Artem Vakhitov  Identity Verified
Estonia
English to Russian
+ ...
Nov 15, 2016

There are software tools on the market that allow working with PDF files by exporting their content to CAT software and then re-importing back with possible subsequent corrections to the layout. Iceni Infix is an example of such software. The recently released FlexiPDF Pro from Softmaker GmbH also features that functionality.

What I'm curious to know is whether there are situations when the approach itself doesn't work for reasons like the nature of the content, font availability etc. even though the software itself works as designed.

Any insights based on personal experience?


Direct link Reply with quote
 

Rolf Keller
Germany
Local time: 15:26
English to German
PDF is a one-way street Nov 15, 2016

Artem Vakhitov wrote:

What I'm curious to know is whether there are situations when the approach itself doesn't work for reasons like the nature of the content, font availability etc.


Surely. PDF is a one-way street, designed to produce a printout. There is no real way back to the underlying original, because PDF files lack some formatting info that is unnecessary for printouts but needed for converting.
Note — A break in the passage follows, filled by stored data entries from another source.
text \<open>A walk from x to y avoiding the edge xy closes up to a cycle.\<close>

lemma bridge_if_acyclic:
  assumes wf: "wf_graph G" and ac: "acyclic_graph G" and e: "{x, y} \<in> edges G"
  shows "\<not> (adj (gdel G {x, y}))\<^sup>*\<^sup>* x y"
proof
  assume r: "(adj (gdel G {x, y}))\<^sup>*\<^sup>* x y"
  obtain p where p: "p \<noteq> []" "hd p = x" "last p = y" "distinct p"
    "walk_edges p \<subseteq> edges G - {{x, y}}"
    using distinct_walk_if_rtranclp_adj[OF r] by auto
  have xy: "x \<noteq> y" using wf_graph_edge_neq[OF wf e] .
  have "length p \<ge> 2"
  proof (rule ccontr)
    assume "\<not> length p \<ge> 2"
    moreover have "length p \<noteq> 0" using p(1) by simp
    ultimately have "length p = 1" by linarith
    then have "hd p = last p" by (cases p) (auto simp: length_0_conv)
    then show False using p xy by simp
  qed
  moreover have "length p \<noteq> 2"
  proof
    assume "length p = 2"
    then obtain u w where "p = [u, w]" by (metis One_nat_def Suc_1 length_0_conv length_Suc_conv)
    then show False using p by simp
  qed
  ultimately have "length p \<ge> 3" by simp
  moreover have "set p \<subseteq> verts G"
    using set_subset_Union_walk_edges[OF \<open>length p \<ge> 2\<close>] p(5) wf_graph_edge_subset[OF wf] by blast
  moreover have "cycle_edges p \<subseteq> edges G"
    using p e by (auto simp: cycle_edges_def insert_commute)
  ultimately have "is_cycle G (cycle_edges p)"
    unfolding is_cycle_iff_cycle_edges using p(4) by blast
  then show False using ac unfolding acyclic_graph_def by blast
qed

lemma acyclic_walk_unique:
  assumes wf: "wf_graph G" and ac: "acyclic_graph G"
  shows "walk_edges p \<subseteq> edges G \<Longrightarrow> walk_edges q \<subseteq> edges G \<Longrightarrow> distinct p \<Longrightarrow> distinct q \<Longrightarrow>
    p \<noteq> [] \<Longrightarrow> q \<noteq> [] \<Longrightarrow> hd p = hd q \<Longrightarrow> last p = last q \<Longrightarrow> p = q"
proof (induction p arbitrary: q)
  case (Cons x p')
  show ?case
  proof (cases p')
    case Nil
    then have "last q = hd q" using Cons.prems by simp
    then show ?thesis using Cons.prems Nil
      by (metis distinct.simps(2) hd_Cons_tl last.simps last_in_set)
  next
    case (Cons u p'')
    obtain w q' where q: "q = x # w # q'"
    proof -
      obtain q0 where q0: "q = x # q0" using Cons.prems by (cases q) auto
      have "q0 \<noteq> []"
      proof
        assume "q0 = []"
        then have "last (x # p') = x" using Cons.prems q0 by simp
        then show False using Cons Cons.prems(3)
          by (metis distinct.simps(2) last_ConsR last_in_set list.distinct(1))
      qed
      then show ?thesis using that q0 by (cases q0) auto
    qed
    show ?thesis
    proof (cases "u = w")
      case True
      then have "p' = w # q'"
        using Cons.IH[of "w # q'"] Cons.prems q Cons by (auto simp: walk_edges_Cons)
      then show ?thesis using q by simp
    next
      case False
      txt \<open>Otherwise both walks reach last q without using the edge xu, so xu is no bridge.\<close>
      let ?e = "{x, u}"
      have eG: "?e \<in> edges G" using Cons.prems(1) Cons by auto
      have "?e \<notin> walk_edges p'" using Cons.prems(3) walk_edges_subset_set by fastforce
      then have "walk_edges p' \<subseteq> edges (gdel G ?e)" using Cons.prems(1) Cons by (auto simp: walk_edges_Cons)
      then have r1: "(adj (gdel G ?e))\<^sup>*\<^sup>* u (last p')" using rtranclp_adj_if_walk[of p'] Cons by simp
      have "?e \<notin> walk_edges (w # q')" using Cons.prems(4) q walk_edges_subset_set by fastforce
      moreover have "?e \<noteq> {x, w}" using False by (auto simp: doubleton_eq_iff)
      ultimately have "walk_edges q \<subseteq> edges (gdel G ?e)" using Cons.prems(2) q by auto
      then have r2: "(adj (gdel G ?e))\<^sup>*\<^sup>* x (last q)" using rtranclp_adj_if_walk[of q] q by simp
      have "last q = last p'" using Cons.prems(8) Cons by simp
      then have "(adj (gdel G ?e))\<^sup>*\<^sup>* x u" using r2 rtranclp_adj_sym[OF r1] by (metis rtranclp_trans)
      then show ?thesis using bridge_if_acyclic[OF wf ac eG] by blast
    qed
  qed
qed simp

lemma is_cycle_closing_edge:
  assumes "is_cycle G C" "e \<in> C"
  shows "\<exists>ws. distinct ws \<and> length ws \<ge> 3 \<and> set ws \<subseteq> verts G \<and> C = cycle_edges ws \<and>
     e = {last ws, hd ws} \<and> walk_edges ws \<subseteq> C - {e}"
proof -
  obtain vs where vs: "length vs \<ge> 3" "distinct vs" "set vs \<subseteq> verts G" "C = cycle_edges vs"
    using assms(1) unfolding is_cycle_iff_cycle_edges by blast
  obtain ws where ws: "set ws = set vs" "distinct ws = distinct vs" "length ws = length vs"
     "cycle_edges ws = cycle_edges vs" "e = {last ws, hd ws}"
    using cycle_edges_rotate_to_closing[of e vs] assms(2) vs(4) by blast
  have "e \<notin> walk_edges ws" using closing_edge_notin_walk_edges[of ws] ws vs by simp
  then have "walk_edges ws \<subseteq> C - {e}" using ws vs by (auto simp: cycle_edges_def)
  then show ?thesis using ws vs by (intro exI[of _ ws]) auto
qed

lemma gadd_edge_in_cycle:
  assumes "acyclic_graph G" "is_cycle (gadd G e) C"
  shows "e \<in> C"
proof (rule ccontr)
  assume "e \<notin> C"
  then have "C \<subseteq> edges G" using is_cycle_subset_edges[OF assms(2)] by auto
  then have "is_cycle G C" using is_cycle_mono[OF assms(2)] by simp
  then show False using assms(1) unfolding acyclic_graph_def by blast
qed

lemma acyclic_gadd:
  assumes ac: "acyclic_graph G" and nr: "\<not> (adj G)\<^sup>*\<^sup>* x y"
  shows "acyclic_graph (gadd G {x, y})"
  unfolding acyclic_graph_def
proof
  assume "\<exists>C. is_cycle (gadd G {x, y}) C"
  then obtain C where C: "is_cycle (gadd G {x, y}) C" by blast
  obtain ws where ws: "length ws \<ge> 3" "{x, y} = {last ws, hd ws}" "walk_edges ws \<subseteq> C - {{x, y}}"
    using is_cycle_closing_edge[OF C gadd_edge_in_cycle[OF ac C]] by blast
  have "C \<subseteq> insert {x, y} (edges G)" using is_cycle_subset_edges[OF C] by simp
  then have "walk_edges ws \<subseteq> edges G" using ws(3) by blast
  moreover have "ws \<noteq> []" using ws(1) by auto
  ultimately have r: "(adj G)\<^sup>*\<^sup>* (hd ws) (last ws)" using rtranclp_adj_if_walk by blast
  then show False using nr rtranclp_adj_sym[OF r] ws(2) by (auto simp: doubleton_eq_iff)
qed

lemma cycle_unique_gadd:
  assumes wf: "wf_graph G" and ac: "acyclic_graph G"
    and C1: "is_cycle (gadd G e) C1" and C2: "is_cycle (gadd G e) C2"
  shows "C1 = C2"
proof -
  have closing: "\<exists>ws. distinct ws \<and> length ws \<ge> 3 \<and> C = cycle_edges ws \<and> e = {last ws, hd ws} \<and>
      walk_edges ws \<subseteq> edges G"
    if C: "is_cycle (gadd G e) C" for C
  proof -
    obtain ws where ws: "distinct ws" "length ws \<ge> 3" "C = cycle_edges ws" "e = {last ws, hd ws}"
      "walk_edges ws \<subseteq> C - {e}"
      using is_cycle_closing_edge[OF C gadd_edge_in_cycle[OF ac C]] by blast
    have "C \<subseteq> insert e (edges G)" using is_cycle_subset_edges[OF C] by simp
    then have "walk_edges ws \<subseteq> edges G" using ws(5) by blast
    then show ?thesis using ws by blast
  qed
  obtain p where p: "distinct p" "length p \<ge> 3" "C1 = cycle_edges p" "e = {last p, hd p}"
    "walk_edges p \<subseteq> edges G"
    using closing[OF C1] by blast
  obtain q where q: "distinct q" "length q \<ge> 3" "C2 = cycle_edges q" "e = {last q, hd q}"
    "walk_edges q \<subseteq> edges G"
    using closing[OF C2] by blast
  have ne: "p \<noteq> []" "q \<noteq> []" using p(2) q(2) by auto
  consider "hd p = hd q \<and> last p = last q" | "hd p = last q \<and> last p = hd q"
    using doubleton_eq_iff[of "last p" "hd p" "last q" "hd q"] p(4) q(4) by blast
  then show ?thesis
  proof cases
    case 1
    have "p = q" by (rule acyclic_walk_unique[OF wf ac p(5) q(5) p(1) q(1) ne]) (use 1 in auto)
    then show ?thesis using p q by simp
  next
    case 2
    have "walk_edges (rev q) \<subseteq> edges G" using q(5) by (simp add: walk_edges_rev)
    moreover have "hd p = hd (rev q)" "last p = last (rev q)" using 2 ne by (auto simp: hd_rev last_rev)
    ultimately have "p = rev q"
      by (intro acyclic_walk_unique[OF wf ac p(5) _ p(1)]) (use q(1) ne in auto)
    then show ?thesis using p q by (simp add: cycle_edges_rev)
  qed
qed

section \<open>Pseudoforests\<close>

lemma component_simps:
  "verts (component G v) = {y. reach G v y}"
  "edges (component G v) = {e \<in> edges G. e \<subseteq> {y. reach G v y}}"
  by (simp_all add: component_def induced_def)

lemma wf_graph_component:
  assumes wf: "wf_graph G"
  shows "wf_graph (component G v)"
  unfolding wf_graph_def
proof (intro conjI ballI)
  have "{y. reach G v y} \<subseteq> verts G"
    using rtranclp_adj_in_verts[OF wf] by (auto simp: reach_def)
  then show "finite (verts (component G v))"
    using wf finite_subset unfolding wf_graph_def component_simps by blast
  fix e assume e: "e \<in> edges (component G v)"
  then obtain x y where "x \<noteq> y" "e = {x, y}"
    using wf unfolding wf_graph_def component_simps by blast
  then show "\<exists>x y. x \<noteq> y \<and> e = {x, y} \<and> x \<in> verts (component G v) \<and> y \<in> verts (component G v)"
    using e unfolding component_simps by blast
qed

lemma connected_graph_component:
  assumes v: "v \<in> verts G"
  shows "connected_graph (component G v)"
proof -
  have to_comp: "(adj (component G v))\<^sup>*\<^sup>* v y" if "reach G v y" for y
  proof -
    have "(adj G)\<^sup>*\<^sup>* v y" using that unfolding reach_def by simp
    then show ?thesis
    proof (induction rule: rtranclp_induct)
      case (step y z)
      then have "reach G v y" "reach G v z" using v unfolding reach_def by auto
      then have "adj (component G v) y z" using step(2) by (auto simp: adj_def component_simps)
      then show ?case using step(3) by (meson rtranclp.rtrancl_into_rtrancl)
    qed simp
  qed
  show ?thesis
    unfolding connected_graph_def
  proof (intro conjI ballI)
    show "verts (component G v) \<noteq> {}" using v by (auto simp: component_simps reach_def)
    fix x y assume x: "x \<in> verts (component G v)" and y: "y \<in> verts (component G v)"
    have "(adj (component G v))\<^sup>*\<^sup>* v x" "(adj (component G v))\<^sup>*\<^sup>* v y"
      using x y to_comp by (auto simp: component_simps)
    then have "(adj (component G v))\<^sup>*\<^sup>* x y" using rtranclp_adj_sym by (metis rtranclp_trans)
    then show "reach (component G v) x y" unfolding reach_def using x by simp
  qed
qed

lemma is_cycle_of_component:
  assumes wf: "wf_graph G" and C: "is_cycle (component G v) C"
  shows "is_cycle G C"
proof -
  have "verts (component G v) \<subseteq> verts G"
    using rtranclp_adj_in_verts[OF wf] by (auto simp: component_simps reach_def)
  moreover have "C \<subseteq> edges G"
    using is_cycle_subset_edges[OF C] by (auto simp: component_simps)
  ultimately show ?thesis using is_cycle_mono[OF C] by blast
qed

lemma pseudoforest_if_at_most_one_cycle:
  assumes wf: "wf_graph G" and le1: "\<And>C1 C2. is_cycle G C1 \<Longrightarrow> is_cycle G C2 \<Longrightarrow> C1 = C2"
  shows "pseudoforest G"
  unfolding pseudoforest_def
proof (intro conjI ballI wf)
  fix v assume v: "v \<in> verts G"
  have K: "wf_graph (component G v)" "connected_graph (component G v)"
    using wf_graph_component[OF wf] connected_graph_component[OF v] .
  show "is_tree (component G v) \<or> unicyclic (component G v)"
  proof (cases "\<exists>C. is_cycle (component G v) C")
    case True
    then have "\<exists>!C. is_cycle (component G v) C" using is_cycle_of_component[OF wf] le1 by blast
    then show ?thesis using K unfolding unicyclic_def by blast
  next
    case False
    then show ?thesis using K unfolding is_tree_def acyclic_graph_def by blast
  qed
qed
(* There exists a game $\mathcal G=(G,\Pi,T,s_0)$ and a collective strategy $\bar\tau_\Pi$ such that $$\inf_{\sigma_{\mathsf O}\ \text{memoryless}}\mathbb P_{(\bar\tau_\Pi,\sigma_{\mathsf O})}(\text{reach }T)\;>\;\sup_{\bar\sigma_\Pi\ \text{memoryless}}\ \inf_{\sigma_{\mathsf O}\ \text{memoryless}}\mathbb P_{(\bar\sigma_\Pi,\sigma_{\mathsf O})}(\text{reach }T),$$ i.e. against an opponent restricted to memoryless strategies, the team can achieve a strictly higher guaranteed probability of reaching the target with a strategy using memory than with any memoryless collective strategy.
   Context: A game structure is $G=(\Sigma,S,(A_p)_{p\in\Sigma},(\mathsf{Av}_p)_{p\in\Sigma},\delta)$ with players $\Sigma$, a finite set $S$ of states, finite action sets $A_p$, nonempty available-action sets $\mathsf{Av}_p(s)\subseteq A_p$, and a transition function $\delta$ mapping a state and an available action profile to a probability distribution on $S$. A game is $(G,\Pi,T,s_0)$ with team $\Pi\subseteq\Sigma$, absorbing target set $T\subseteq S$, initial state $s_0$; $\Sigma\setminus\Pi=\{\mathsf O\}$ (the opponent). A strategy for $p$ maps each history (nonempty finite sequence of states) ending in $s$ to a distribution over $\mathsf{Av}_p(s)$; memoryless means it depends only on the last state. A collective strategy is a tuple of strategies of the team players, who randomise independently (joint action probability is the product of the individual probabilities). A complete strategy profile induces a probability measure $\mathbb P$ on plays from $s_0$; "reach $T$" is the event that the play visits $T$. *)

theory Defs
  imports "HOL-Probability.Probability"
begin

text \<open>Players, states and actions are encoded as natural numbers
  (sufficient, since the theorem is existential). An action profile is a function
  from players to actions; outside the player set it takes the default value 0.\<close>

record game_structure =
  players :: "nat set"
  states  :: "nat set"
  acts    :: "nat \<Rightarrow> nat set"
  avail   :: "nat \<Rightarrow> nat \<Rightarrow> nat set"
  trans   :: "nat \<Rightarrow> (nat \<Rightarrow> nat) \<Rightarrow> nat pmf"

definition avail_profile :: "game_structure \<Rightarrow> nat \<Rightarrow> (nat \<Rightarrow> nat) \<Rightarrow> bool" where
  "avail_profile G s a \<longleftrightarrow> (\<forall>p\<in>players G. a p \<in> avail G p s) \<and> (\<forall>p. p \<notin> players G \<longrightarrow> a p = 0)"

definition wf_game :: "game_structure \<Rightarrow> nat set \<Rightarrow> nat set \<Rightarrow> nat \<Rightarrow> bool" where
  "wf_game G Team T s0 \<longleftrightarrow>
     finite (players G) \<and> finite (states G) \<and>
     (\<forall>p\<in>players G. finite (acts G p)) \<and>
     (\<forall>p\<in>players G. \<forall>s\<in>states G. avail G p s \<noteq> {} \<and> avail G p s \<subseteq> acts G p) \<and>
     (\<forall>s\<in>states G. \<forall>a. avail_profile G s a \<longrightarrow> set_pmf (trans G s a) \<subseteq> states G) \<and>
     Team \<subseteq> players G \<and> (\<exists>opp. players G - Team = {opp}) \<and>
     T \<subseteq> states G \<and>
     (\<forall>t\<in>T. \<forall>a. avail_profile G t a \<longrightarrow> trans G t a = return_pmf t) \<and>
     s0 \<in> states G"

definition opponent :: "game_structure \<Rightarrow> nat set \<Rightarrow> nat" where
  "opponent G Team = the_elem (players G - Team)"

definition history :: "game_structure \<Rightarrow> nat list \<Rightarrow> bool" where
  "history G h \<longleftrightarrow> h \<noteq> [] \<and> set h \<subseteq> states G"
definition FC :: "real \<Rightarrow> real \<Rightarrow> real \<Rightarrow> real \<Rightarrow> real \<Rightarrow> real \<times> real \<Rightarrow> real \<times> real" where
  "FC A \<alpha> \<beta> \<phi> \<gamma> = (\<lambda>(k, N). (FC_k A \<alpha> \<beta> \<phi> \<gamma> k N, FC_N \<alpha> \<phi> \<gamma> k N))"

definition jac_FC :: "real \<Rightarrow> real \<Rightarrow> real \<Rightarrow> real \<Rightarrow> real \<Rightarrow> real \<Rightarrow> real \<Rightarrow> real^2^2" where
  "jac_FC A \<alpha> \<beta> \<phi> \<gamma> k N =
     vector [vector [deriv (\<lambda>x. FC_k A \<alpha> \<beta> \<phi> \<gamma> x N) k, deriv (\<lambda>y. FC_k A \<alpha> \<beta> \<phi> \<gamma> k y) N],
             vector [deriv (\<lambda>x. FC_N \<alpha> \<phi> \<gamma> x N) k,     deriv (\<lambda>y. FC_N \<alpha> \<phi> \<gamma> k y) N]]"

definition eigenvalue2 :: "real^2^2 \<Rightarrow> complex \<Rightarrow> bool" where
  "eigenvalue2 J z \<longleftrightarrow>
     (of_real (J$1$1) - z) * (of_real (J$2$2) - z) - of_real (J$1$2) * of_real (J$2$1) = 0"

end

theory Submission
  imports Defs
begin

text \<open>Both e* and n* are products of powers of k and N, so every partial derivative of F_C is an
  elasticity times the value divided by the variable.  At a fixed point, where F_C(k, N) = (k, N),
  the Jacobian therefore only involves the exponents:
  J = [[2\<alpha> + \<beta>, \<alpha>\<gamma> k/N], [-N/k, 1 - \<gamma>]], with trace T = 2\<alpha> + \<beta> + 1 - \<gamma> and
  determinant D = (2\<alpha> + \<beta>)(1 - \<gamma>) + \<alpha>\<gamma>.  By the Schur-Cohn (Jury) criterion both eigenvalues lie
  in the open unit disc iff D < 1 and |T| < 1 + D.  The second condition holds for all admissible
  parameters, since 1 + D - T = \<gamma>(1 - \<alpha> - \<beta>), and D < 1 is the left inequality of cond1 once the
  paper's partial derivatives are evaluated at the fixed point.\<close>

lemma estar_pos:
  assumes "0 < \<alpha>" "\<alpha> < 1" "0 < \<phi>" "k \<noteq> 0" "0 < N"
  shows "0 < estar \<alpha> \<phi> \<gamma> k N"
  using assms unfolding estar_def by simp

lemma has_real_derivative_estar_k:
  assumes "k \<noteq> 0"
  shows "((\<lambda>x. estar \<alpha> \<phi> \<gamma> x N) has_real_derivative 2 * estar \<alpha> \<phi> \<gamma> k N / k) (at k)"
proof -
  have "((\<lambda>x. 2 * \<alpha> / (1 - \<alpha>) * \<phi> * x^2 * N powr \<gamma>) has_real_derivative
          2 * \<alpha> / (1 - \<alpha>) * \<phi> * (2 * k) * N powr \<gamma>) (at k)"
    by (intro DERIV_cmult_right DERIV_cmult DERIV_pow[of 2, simplified])
  then show ?thesis
    unfolding estar_def by (rule DERIV_cong) (use assms in \<open>simp add: power2_eq_square ac_simps\<close>)
qed

lemma has_real_derivative_estar_N:
  assumes "0 < N"
  shows "((\<lambda>y. estar \<alpha> \<phi> \<gamma> k y) has_real_derivative \<gamma> * estar \<alpha> \<phi> \<gamma> k N / N) (at N)"
proof -
  have "((\<lambda>y. 2 * \<alpha> / (1 - \<alpha>) * \<phi> * k^2 * y powr \<gamma>) has_real_derivative
          2 * \<alpha> / (1 - \<alpha>) * \<phi> * k^2 * (\<gamma> * N powr (\<gamma> - 1))) (at N)"
    using assms by (intro DERIV_cmult has_real_derivative_powr)
  then show ?thesis
    unfolding estar_def by (rule DERIV_cong) (use assms in \<open>simp add: field_simps powr_diff\<close>)
qed

lemma has_real_derivative_nstar_k:
  assumes "k \<noteq> 0" "0 < N" "\<phi> \<noteq> 0"
  shows "((\<lambda>x. nstar \<alpha> \<phi> \<gamma> x N) has_real_derivative - nstar \<alpha> \<phi> \<gamma> k N / k) (at k)"
  unfolding nstar_def using assms
  by (auto intro!: derivative_eq_intros simp: power2_eq_square field_simps)

lemma has_real_derivative_nstar_N:
  assumes "0 < N" "k \<noteq> 0" "\<phi> \<noteq> 0"
  shows "((\<lambda>y. nstar \<alpha> \<phi> \<gamma> k y) has_real_derivative - \<gamma> * nstar \<alpha> \<phi> \<gamma> k N / N) (at N)"
  unfolding nstar_def using assms
  by (auto intro!: derivative_eq_intros simp: powr_diff field_simps)

lemma has_real_derivative_FC_k_k:
  assumes "0 < \<alpha>" "\<alpha> < 1" "0 < \<phi>" "0 < k" "0 < N"
  shows "((\<lambda>x. FC_k A \<alpha> \<beta> \<phi> \<gamma> x N) has_real_derivative
           (2 * \<alpha> + \<beta>) * FC_k A \<alpha> \<beta> \<phi> \<gamma> k N / k) (at k)"
proof -
  let ?e = "estar \<alpha> \<phi> \<gamma> k N"
  have "0 < ?e" using assms by (simp add: estar_pos)
  have "((\<lambda>x. estar \<alpha> \<phi> \<gamma> x N powr \<alpha>) has_real_derivative \<alpha> * ?e powr (\<alpha> - 1) * (2 * ?e / k)) (at k)"
    using DERIV_fun_powr[OF has_real_derivative_estar_k \<open>0 < ?e\<close>, of \<alpha>] assms by simp
  from DERIV_mult[OF DERIV_cmult[OF this, of A] has_real_derivative_powr[OF \<open>0 < k\<close>, of \<beta>]]
  show ?thesis
    unfolding FC_k_def by (rule DERIV_cong) (use assms \<open>0 < ?e\<close> in \<open>simp add: powr_diff field_simps\<close>)
qed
Fonts are no big problem, BTW, because you can embed them into the PDF. This is necessary because your print service provider might need them in oder to produce paper copies that look like the original on your PC.
--> https://en.wikipedia.org/wiki/PDF/A.


Direct link Reply with quote
 

Philippe Etienne  Identity Verified
Spain
Local time: 15:26
Member
English to French
Currently discovering Infix Nov 18, 2016

Artem Vakhitov wrote:
...Any insights based on personal experience?

I'm currently on thick editable pdf files with large tables, images embedded within, 15-20 fonts (including non-alphabetical), the works. InDesign underlying files nowhere to be found.

Trados (2009) got me a bilingual file, but it was fairly useless (tags, segmenting...).
Omnipage Pro required too much work to manually draw countless area types (text/images/tables/etc.) and approach usability in a CAT tool. And my machine would melt.
Since the deadline for these pdfs is very generous, I have ample time to try and find a more elegant approach than brute force, like overwriting the frigging pdfs and sod it with automated repeats and similarities. So I've been toying with Infix for the past day or two, with the aim of using MemoQ to translate. Thanks people (José, Tomas...) for mentioning it in these forums.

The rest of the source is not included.